[jira] [Commented] (CASSANDRA-13555) Thread leak during repair

2017-05-31 Thread Simon Zhou (JIRA)

[ 
https://issues.apache.org/jira/browse/CASSANDRA-13555?page=com.atlassian.jira.plugin.system.issuetabpanels:comment-tabpanel=16032401#comment-16032401
 ] 

Simon Zhou commented on CASSANDRA-13555:


Thanks [~tjake] for the comment. I'll be working on the patch but I'm not sure 
whether that is the best fix. Reasons:
1. The "executor" is created in RepairRunnable and runs all RepairJob's for a 
given keyspace.
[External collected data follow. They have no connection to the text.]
lemma dup_wins_play_invariant:
  assumes "dup_wins c0" and "Good c0"
    and Spoiler: "\<And>c. Good c \<Longrightarrow> dup_wins c \<Longrightarrow> \<not> is_dup c \<Longrightarrow> \<exists>d. move tr tau E c d \<and> Good d"
    and Duplicator: "\<And>d c. Good d \<Longrightarrow> is_dup d \<Longrightarrow> move tr tau E d c \<Longrightarrow> dup_wins c \<Longrightarrow> Good c"
  shows "\<exists>\<pi> :: nat \<Rightarrow> ('s, 'a) conf. (\<forall>i. Good (\<pi> i)) \<and> (\<exists>\<^sub>\<infinity>i. rew (\<pi> i) = Check)"
proof -
  obtain f where w: "dup_winning tr tau E f c0" using assms(1) unfolding dup_wins_def by blast
  define nxt where
    "nxt p = (if is_dup (last p) then f p else SOME d. move tr tau E (last p) d \<and> Good d)" for p
  define pre where "pre k = ((\<lambda>p. p @ [nxt p]) ^^ k) [c0]" for k
  have pre0: "pre 0 = [c0]" and preS: "pre (Suc k) = pre k @ [nxt (pre k)]" for k
    by (simp_all add: pre_def)
  have prefix: "cons_prefix tr tau E f c0 (pre k) \<and> Good (last (pre k))" for k
  proof (induction k)
    case 0
    show ?case using assms(2) by (simp add: pre0 cons_prefix_def)
  next
    case (Suc k)
    define p where "p = pre k"
    have cp: "cons_prefix tr tau E f c0 p" and good: "Good (last p)" using Suc by (simp_all add: p_def)
    have "move tr tau E (last p) (nxt p) \<and> (is_dup (last p) \<longrightarrow> nxt p = f p) \<and> Good (nxt p)"
    proof (cases "is_dup (last p)")
      case True
      then have nxt: "nxt p = f p" and mv: "move tr tau E (last p) (f p)"
        using w cp unfolding nxt_def dup_winning_def by auto
      have "dup_wins (f p)"
        using dup_wins_last_cons_prefix[OF w cons_prefix_snoc[OF cp mv]] by simp
      with Duplicator[OF good True mv] nxt mv show ?thesis by simp
    next
      case False
      with Spoiler[OF good dup_wins_last_cons_prefix[OF w cp]]
      have "move tr tau E (last p) (nxt p) \<and> Good (nxt p)"
        unfolding nxt_def by simp (rule someI_ex)
      with False show ?thesis by simp
    qed
    with cp show ?case by (simp add: preS p_def[symmetric] cons_prefix_snoc)
  qed
  then have "cons_play tr tau E f c0 (\<lambda>i. last (pre i))"
    using pre0 preS by (intro cons_play_of_prefix_chain) auto
  with w have "\<exists>\<^sub>\<infinity>i. rew (last (pre i)) = Check" unfolding dup_winning_def by blast
  with prefix show ?thesis by (intro exI[of _ "\<lambda>i. last (pre i)"]) simp
qed
(* Let $\delta<\mathfrak t$ and let $\langle\bar\eta^\alpha:\alpha<\delta\rangle$ be a $\le^*$-increasing sequence of members of $\mathbf S$ (i.e. $\bar\eta^\alpha\le^*\bar\eta^\beta$ for $\alpha<\beta<\delta$). Then there is $\bar\eta\in\mathbf S$ with $\bar\eta^\alpha\le^*\bar\eta$ for all $\alpha<\delta$.
   Context: $\mathfrak t$ is the least length $\kappa$ of a sequence $\langle X_\alpha:\alpha<\kappa\rangle$ of infinite subsets of $\omega$ with $X_\beta\setminus X_\alpha$ finite for $\alpha<\beta$ and no infinite $X$ with $X\setminus X_\alpha$ finite for all $\alpha$. $\mathbf S$ is the family of all sequences $\bar\eta=\langle\eta_n:n\in B\rangle$ with $B\subseteq\omega$ infinite such that for each $n\in B$, $\eta_n$ is a function from the interval $[n,k)$ to $\{0,1\}$ for some $k\in(n,\omega)$; $\mathrm{dom}(\bar\eta)=B$. $\eta\trianglelefteq\nu$ means $\nu$ extends $\eta$. For $\bar\eta,\bar\nu\in\mathbf S$, $\bar\eta\le^*\bar\nu$ means that for all sufficiently large $n$, if $n\in\mathrm{dom}(\bar\nu)$ then $n\in\mathrm{dom}(\bar\eta)$ and $\eta_n\trianglelefteq\nu_n$. *)

theory Defs
  imports Main "HOL-Library.Sublist"
begin

text \<open>The value eta_n is a nonempty
  list of booleans l, read as the function [n, n + length l) \<rightarrow> {0,1},
  i \<mapsto> l ! (i - n). The domain is {n. eta n \<noteq> None}.\<close>

definition inS :: "(nat \<Rightarrow> bool list option) \<Rightarrow> bool" where
  "inS eta \<longleftrightarrow> infinite {n. eta n \<noteq> None} \<and> (\<forall>n l. eta n = Some l \<longrightarrow> l \<noteq> [])"

text \<open>eta \<le>* nu: for all sufficiently large n, if n \<in> dom nu then n \<in> dom eta
  and eta_n is extended by nu_n (both start at n, so extension = list prefix).\<close>

definition le_star :: "(nat \<Rightarrow> bool list option) \<Rightarrow> (nat \<Rightarrow> bool list option) \<Rightarrow> bool" where
  "le_star eta nu \<longleftrightarrow>
     (\<exists>N. \<forall>n\<ge>N. \<forall>l'. nu n = Some l' \<longrightarrow> (\<exists>l. eta n = Some l \<and> prefix l l'))"

definition is_tower :: "'b rel \<Rightarrow> ('b \<Rightarrow> nat set) \<Rightarrow> bool" where
  "is_tower r X \<longleftrightarrow>
     (\<forall>\<alpha>\<in>Field r. infinite (X \<alpha>)) \<and>
     (\<forall>\<alpha> \<beta>. (\<alpha>, \<beta>) \<in> r \<and> \<alpha> \<noteq> \<beta> \<longrightarrow> finite (X \<beta> - X \<alpha>)) \<and>
     \<not> (\<exists>Y. infinite Y \<and> (\<forall>\<alpha>\<in>Field r. finite (Y - X \<alpha>)))"

definition tower_length :: "'b rel \<Rightarrow> bool" where
  "tower_length r \<longleftrightarrow> Well_order r \<and> (\<exists>X. is_tower r X)"

text \<open>Lengths are represented by well-orders on nat set, which has size continuum \<ge> \<t>,
  so a tower of length exactly \<t> is representable there.\<close>

definition below_t :: "'a rel \<Rightarrow> bool" where
  "below_t d \<longleftrightarrow> Well_order d \<and>
     (\<forall>s :: nat set rel. tower_length s \<longrightarrow> (d, s) \<in> ordLess)"

end

theory Submission
  imports Defs "HOL-Library.Countable" "HOL-Library.Infinite_Set"
begin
It's not a single RepairSession instance's responsibility to 
stop the "executor", nor it has a reference to it.
2. The bigger problem is that, why do we handle "node down" in RepairSession? 
IMHO it should be handled at a higher level. That means, once an endpoint is 
down, we should stop all RepairRunnable's. Sure there could be improvement, 
e.g., only stop those affected RepairSession's (token ranges). But anyway we 
are not doing this today and it deserves a separate change.

What do you think? I know there is bigger change in upcoming 4.0 but I don't 
want a band-aid fix that just makes things messy.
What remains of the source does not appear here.